• [What you have to do]
Lines from the entries below that hold "setsum" form the answer; copy all of them.

[Dataset records]
[Start of section]
(* Let $A_{1}\in \mathbb{C}^{m\times n}$, $b_{1}\in \mathbb{C}^{m}$, $A_{2}\in \mathbb{C}^{k\times n}$ with $r(A_{2})=k\geq 1$, and $b_{2}\in \mathbb{C}^{k}$. Define the subspaces \[ \mathcal{X}=P_{N(A_{2})}R(A_{1}^{*})=N(A_{2})\cap (N(A_{2})\cap N(A_{1}))^{\perp},\qquad \mathcal{Y}=N(A_{1})\oplus (A_{1}^{*}A_{1})^{\dagger}\big(N(A_{1})+N(A_{2})\big)^{\perp}. \] Then $\mathcal{X}$ and $\mathcal{Y}$ are complementary subspaces of $\mathbb{C}^n$ with \[ P_{\mathcal{X},\mathcal{Y}}=I-P_{\mathcal{Y},\mathcal{X}}=\big(A_1 (I-A_{2}^{\dagger}A_{2})\big)^{\dagger}A_1, \] and the following hold: 1. Every solution of the problem $\min_{x\in \mathbb{C}^{n}}\|A_{1}x-b_{1}\|^{2}$ subject to $A_{2}x=b_{2}$ lies in the set \[ \Xi =\{A_{1}^{\dagger}b_{1}+P_{\mathcal{Y},\mathcal{X}}(A_{2}^{\dagger}b_{2}-A_{1}^{\dagger}b_{1})+z:\ z\in N(A_{1})\cap N(A_{2})\}. \] 2. The element of $\Xi$ with the smallest Euclidean norm is $\xi:=A_{1}^{\dagger}b_{1}+P_{\mathcal{Y},\mathcal{X}}(A_{2}^{\dagger}b_{2}-A_{1}^{\dagger}b_{1})$. 3. For any $y\in\mathbb{C}^n$, the solution of $\min_{x\in\Xi}\|x-y\|$ is $\psi(y):=\xi+P_{N(A_1)\cap N(A_2)}\,y$.
   Context: $A^{*}$ is the conjugate transpose, $A^{\dagger}$ the Moore–Penrose inverse, $r(A)$, $R(A)$, $N(A)$ the rank, range and null space of $A$; $\|\cdot\|$ is the Euclidean norm. For a subspace $S$, $S^{\perp}$ is its orthogonal complement, $P_S$ the orthogonal projector onto $S$, and for a matrix $B$, $BS=\{Bs:s\in S\}$. For complementary subspaces $L,M$ of $\mathbb{C}^n$, $P_{L,M}$ is the oblique projector onto $L$ along $M$ (the idempotent matrix with range $L$ and null space $M$). $\oplus$ denotes direct sum. *)

theory Defs
  imports "HOL-Analysis.Analysis"
begin

definition cadj :: "complex^'n^'m \<Rightarrow> complex^'m^'n" where
  "cadj A = (\<chi> i j. cnj (A $ j $ i))"

definition cinner :: "complex^'n \<Rightarrow> complex^'n \<Rightarrow> complex" where
  "cinner x y = (\<Sum>i\<in>UNIV. x $ i * cnj (y $ i))"

definition nullsp :: "complex^'n^'m \<Rightarrow> (complex^'n) set" where
  "nullsp A = {x. A *v x = 0}"

definition rangesp :: "complex^'n^'m \<Rightarrow> (complex^'m) set" where
  "rangesp A = range (\<lambda>x. A *v x)"

definition orthc :: "(complex^'n) set \<Rightarrow> (complex^'n) set" where
  "orthc S = {x. \<forall>y\<in>S. cinner x y = 0}"

definition mpinv :: "complex^'n^'m \<Rightarrow> complex^'m^'n" where
  "mpinv A = (THE X. A ** X ** A = A \<and> X ** A ** X = X \<and>
                     cadj (A ** X) = A ** X \<and> cadj (X ** A) = X ** A)"

definition oproj :: "(complex^'n) set \<Rightarrow> complex^'n^'n" where
  "oproj S = (THE P. P ** P = P \<and> cadj P = P \<and> rangesp P = S)"

definition obproj :: "(complex^'n) set \<Rightarrow> (complex^'n) set \<Rightarrow> complex^'n^'n" where
  "obproj L M = (THE P. P ** P = P \<and> rangesp P = L \<and> nullsp P = M)"

definition csubspace :: "(complex^'n) set \<Rightarrow> bool" where
  "csubspace S \<longleftrightarrow> 0 \<in> S \<and> (\<forall>x\<in>S. \<forall>y\<in>S. x + y \<in> S) \<and> (\<forall>c. \<forall>x\<in>S. c *s x \<in> S)"

definition complementary :: "(complex^'n) set \<Rightarrow> (complex^'n) set \<Rightarrow> bool" where
  "complementary L M \<longleftrightarrow> csubspace L \<and> csubspace M \<and> L \<inter> M = {0} \<and>
     (\<forall>x. \<exists>u\<in>L. \<exists>v\<in>M. x = u + v)"

definition setsum :: "(complex^'n) set \<Rightarrow> (complex^'n) set \<Rightarrow> (complex^'n) set" where
  "setsum S T = {u + v | u v. u \<in> S \<and> v \<in> T}"

definition Xsp :: "complex^'n^'m \<Rightarrow> complex^'n^'k \<Rightarrow> (complex^'n) set" where
  "Xsp A1 A2 = (\<lambda>x. oproj (nullsp A2) *v x) ` rangesp (cadj A1)"

definition Ysp :: "complex^'n^'m \<Rightarrow> complex^'n^'k \<Rightarrow> (complex^'n) set" where
  "Ysp A1 A2 = setsum (nullsp A1)
     ((\<lambda>x. mpinv (cadj A1 ** A1) *v x) ` orthc (setsum (nullsp A1) (nullsp A2)))"

definition lse_solutions ::
  "complex^'n^'m \<Rightarrow> complex^'m \<Rightarrow> complex^'n^'k \<Rightarrow> complex^'k \<Rightarrow> (complex^'n) set" where
  "lse_solutions A1 b1 A2 b2 = {x. A2 *v x = b2 \<and>
      (\<forall>x'. A2 *v x' = b2 \<longrightarrow> (norm (A1 *v x - b1))\<^sup>2 \<le> (norm (A1 *v x' - b1))\<^sup>2)}"

definition xi_vec ::
  "complex^'n^'m \<Rightarrow> complex^'m \<Rightarrow> complex^'n^'k \<Rightarrow> complex^'k \<Rightarrow> complex^'n" where
  "xi_vec A1 b1 A2 b2 = mpinv A1 *v b1 +
      obproj (Ysp A1 A2) (Xsp A1 A2) *v (mpinv A2 *v b2 - mpinv A1 *v b1)"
[End of section]
• [Solution to this exercise]
definition setsum :: "(complex^'n) set \<Rightarrow> (complex^'n) set \<Rightarrow> (complex^'n) set" where
  "setsum S T = {u + v | u v. u \<in> S \<and> v \<in> T}"
  "Ysp A1 A2 = setsum (nullsp A1)
     ((\<lambda>x. mpinv (cadj A1 ** A1) *v x) ` orthc (setsum (nullsp A1) (nullsp A2)))"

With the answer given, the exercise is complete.